[Bioclusters] LSF 4.2 w/ Redhat 7.2 (2.4.X kernel with glibc2.2) install problem

Chris Dagdigian bioclusters@bioinformatics.org
Wed, 01 May 2002 08:07:41 -0400


Kristian,

Every LSF-based system I've had a chance to work on has had a similar 
architecture to what you describe (master node with multiple NICs 
multihomed to public/private networks etc..)

I've seen what you have described before but am fuzzy on what we did to 
get around the issue (hey its morning here). LSF is certainly sensitive 
to the order in which machines are listed in hostfiles so you may gain 
something by swaping entries around. I believe also that LSF can make 
use of a custom hosts file that you can drop into the local 
configuration directory...you may be able to create this file and list 
only the address of the interface you want the daemons to bind to.

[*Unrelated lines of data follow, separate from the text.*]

lemma closure_ran_subdiff:
  fixes f :: "'a::{real_inner, complete_space} \<Rightarrow> ereal"
  assumes "Gamma0 f"
  shows "closure (ran_subdiff f) = closure (minorant_slopes f)"
  using minorant_slopes_subset_closure_ran_subdiff[OF assms] ran_subdiff_subset_minorant_slopes
  by (metis closure_closure closure_mono subset_antisym)

lemma convex_minorant_slopes: "convex (minorant_slopes f)"
  unfolding convex_alt
proof (intro ballI allI impI)
  fix a b and t :: real
  assume "a \<in> minorant_slopes f" "b \<in> minorant_slopes f" and t: "0 \<le> t \<and> t \<le> 1"
  then obtain Ka Kb where Ka: "\<And>z. ereal (inner a z - Ka) \<le> f z" and Kb: "\<And>z. ereal (inner b z - Kb) \<le> f z"
    by (auto simp: minorant_slopes_def)
  have "ereal (inner ((1 - t) *\<^sub>R a + t *\<^sub>R b) z - ((1 - t) * Ka + t * Kb)) \<le> f z" for z
  proof -
    have "inner ((1 - t) *\<^sub>R a + t *\<^sub>R b) z - ((1 - t) * Ka + t * Kb)
        = (1 - t) * (inner a z - Ka) + t * (inner b z - Kb)"
      by (simp add: inner_add_left algebra_simps)
    also have "\<dots> \<le> max (inner a z - Ka) (inner b z - Kb)"
      using t by (intro convex_bound_le) auto
    finally have "inner ((1 - t) *\<^sub>R a + t *\<^sub>R b) z - ((1 - t) * Ka + t * Kb)
        \<le> max (inner a z - Ka) (inner b z - Kb)" .
    moreover have "ereal (max (inner a z - Ka) (inner b z - Kb)) \<le> f z"
      using Ka[of z] Kb[of z] by (simp add: max_def)
    ultimately show ?thesis
      by (meson ereal_less_eq(3) order_trans)
  qed
  then show "(1 - t) *\<^sub>R a + t *\<^sub>R b \<in> minorant_slopes f"
    by (auto simp: minorant_slopes_def)
qed

lemma minorant_slopes_add:
  assumes u: "u \<in> minorant_slopes g" and bound: "\<And>b. b \<in> edom g \<Longrightarrow> inner v b \<le> K"
  shows "u + v \<in> minorant_slopes g"
proof -
  obtain L where L: "\<And>z. ereal (inner u z - L) \<le> g z"
    using u by (auto simp: minorant_slopes_def)
  have "ereal (inner (u + v) z - (L + K)) \<le> g z" for z
  proof (cases "z \<in> edom g")
    case True
    then have "inner (u + v) z - (L + K) \<le> inner u z - L"
      using bound by (simp add: inner_add_left)
    then show ?thesis
      using L[of z] by (meson ereal_less_eq(3) order_trans)
  qed (simp add: edom_def)
  then show ?thesis
    by (auto simp: minorant_slopes_def)
qed

lemma closure_bounded_linear_image_Times_closure:
  fixes g :: "'a::real_normed_vector \<times> 'b::real_normed_vector \<Rightarrow> 'c::real_normed_vector"
  assumes "bounded_linear g"
  shows "closure (g ` (closure A \<times> closure B)) = closure (g ` (A \<times> B))"
proof
  show "closure (g ` (closure A \<times> closure B)) \<subseteq> closure (g ` (A \<times> B))"
    using closure_bounded_linear_image_subset[OF assms, of "A \<times> B"]
    by (intro closure_minimal) (simp_all add: closure_Times)
  show "closure (g ` (A \<times> B)) \<subseteq> closure (g ` (closure A \<times> closure B))"
    by (intro closure_mono image_mono) (auto intro: closure_subset[THEN subsetD])
qed

lemma closure_sums_cong:
  fixes A A' B B' :: "'a::real_normed_vector set"
  assumes "closure A = closure A'" "closure B = closure B'"
  shows "closure {a + b | a b. a \<in> A \<and> b \<in> B} = closure {a + b | a b. a \<in> A' \<and> b \<in> B'}"
proof -
  have sums: "{a + b | a b. a \<in> X \<and> b \<in> Y} = (\<lambda>(a, b). a + b) ` (X \<times> Y)" for X Y :: "'a set"
    by auto
  have "bounded_linear (\<lambda>(a::'a, b). a + b)"
    using bounded_linear_add[OF bounded_linear_fst bounded_linear_snd] by (simp add: split_def)
  from closure_bounded_linear_image_Times_closure[OF this] show ?thesis
    unfolding sums by (metis assms)
qed

lemma closure_differences_cong:
  fixes A A' B B' :: "'a::real_normed_vector set"
  assumes "closure A = closure A'" "closure B = closure B'"
  shows "closure {a - b | a b. a \<in> A \<and> b \<in> B} = closure {a - b | a b. a \<in> A' \<and> b \<in> B'}"
proof -
  have differences: "{a - b | a b. a \<in> X \<and> b \<in> Y} = (\<lambda>(a, b). a - b) ` (X \<times> Y)" for X Y :: "'a set"
    by auto
  have "bounded_linear (\<lambda>(a::'a, b). a - b)"
    using bounded_linear_sub[OF bounded_linear_fst bounded_linear_snd] by (simp add: split_def)
  from closure_bounded_linear_image_Times_closure[OF this] show ?thesis
    unfolding differences by (metis assms)
qed

text \<open>By the hypothesis on c, <c, .> is bounded above on dom g, so adding c to a slope of an
  affine minorant of g gives another one: translation by c maps the dense subset
  dom f* + dom g* of closure R into itself.\<close>
lemma minimal_displacement_mem_closure_ran_sum:
  fixes f g :: "'a::{real_inner, complete_space} \<Rightarrow> ereal"
  assumes f: "Gamma0 f" and g: "Gamma0 g"
    and c: "\<And>a b. a \<in> edom f \<Longrightarrow> b \<in> edom g \<Longrightarrow> 0 \<le> inner (a - b - c) c"
    and R_def: "R = {a + b | a b. a \<in> ran_subdiff f \<and> b \<in> ran_subdiff g}"
    and zero: "0 \<in> closure R"
  shows "c \<in> closure R"
proof -
  define S where "S = {a + b | a b. a \<in> minorant_slopes f \<and> b \<in> minorant_slopes g}"
  have R_S: "closure R = closure S"
    unfolding R_def S_def using closure_ran_subdiff[OF f] closure_ran_subdiff[OF g]
    by (rule closure_sums_cong)
  obtain a0 where a0: "a0 \<in> edom f"
    using f by (auto simp: Gamma0_def proper_fun_def edom_def)
  have bound: "inner c b \<le> inner a0 c - inner c c" if "b \<in> edom g" for b
    using c[OF a0 that] unfolding inner_diff_left by (simp add: inner_commute)
  have slopes_shift: "b + c \<in> minorant_slopes g" if "b \<in> minorant_slopes g" for b
    using minorant_slopes_add[OF that bound] .
  have "(+) c ` S \<subseteq> S"
  proof
    fix z
    assume "z \<in> (+) c ` S"
    then obtain a b where "z = a + (b + c)" "a \<in> minorant_slopes f" "b \<in> minorant_slopes g"
      unfolding S_def by (auto simp: ac_simps)
    then show "z \<in> S"
      unfolding S_def using slopes_shift by blast
  qed
  then have "closure ((+) c ` S) \<subseteq> closure S"
    by (rule closure_mono)
  moreover have "c \<in> (+) c ` closure S"
    using zero R_S by (intro image_eqI[of _ _ 0]) simp_all
  ultimately show ?thesis
    unfolding R_S closure_translation[symmetric] by blast
qed

lemma convex_closure_ran_subdiff_sums:
  fixes f g :: "'a::{real_inner, complete_space} \<Rightarrow> ereal"
  assumes f: "Gamma0 f" and g: "Gamma0 g"
  shows "convex (closure {a + b | a b. a \<in> ran_subdiff f \<and> b \<in> ran_subdiff g})"
proof -
  have "{a + b | a b. a \<in> minorant_slopes f \<and> b \<in> minorant_slopes g}
      = (\<Union>a\<in>minorant_slopes f. \<Union>b\<in>minorant_slopes g. {a + b})"
    by blast
  then have "convex {a + b | a b. a \<in> minorant_slopes f \<and> b \<in> minorant_slopes g}"
    by (simp add: convex_sums convex_minorant_slopes)
  then show ?thesis
    unfolding closure_sums_cong[OF closure_ran_subdiff[OF f] closure_ran_subdiff[OF g]]
    by (rule convex_closure)
qed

Since I'm working now on a similar system I'll drop you an email 
off-list if I see the same issues. I already have one bug report to 
submit to platform with respect to the installer script.


-Chris



Kristian Vlahovicek wrote:

> WRT the installation, it went smoothly, no problems with glibc. However, 
> we did not manage to get the daemons to bind to a correct interface on 
> master. We migt be missing something (anyone with more experience with LSF 
> administration is welcome to suggest the solution), or could this be the 
> glibc incompatibility? OTOH, workers seem to be working quite fine...
> 
> basically, our master has 2 interfaces, eth0 (external net - public IP) 
> and eth1 (cluster net - private IP), each named differently. when doing 
> hostsetup after install, it queries the hostname on the master and gets 
> the public one and a) either it complains about host not being listed in 
> the servers list (in case we put the private iface name) or b) sets 
> everything up without complaints, but then master sees only itself and the 
> rest of the cluster see each other but not the master. (lshosts and 
> bhosts). Any ideas? As I said, we just started the eval, so there might be 
> a trivial solution to this burried somewhere in the documentation, but the 
> out-of-the-box thing does not work. Tried to see if there were any 
> switches to the lim daemon to direct it to the proper interface, but it 
> seems not...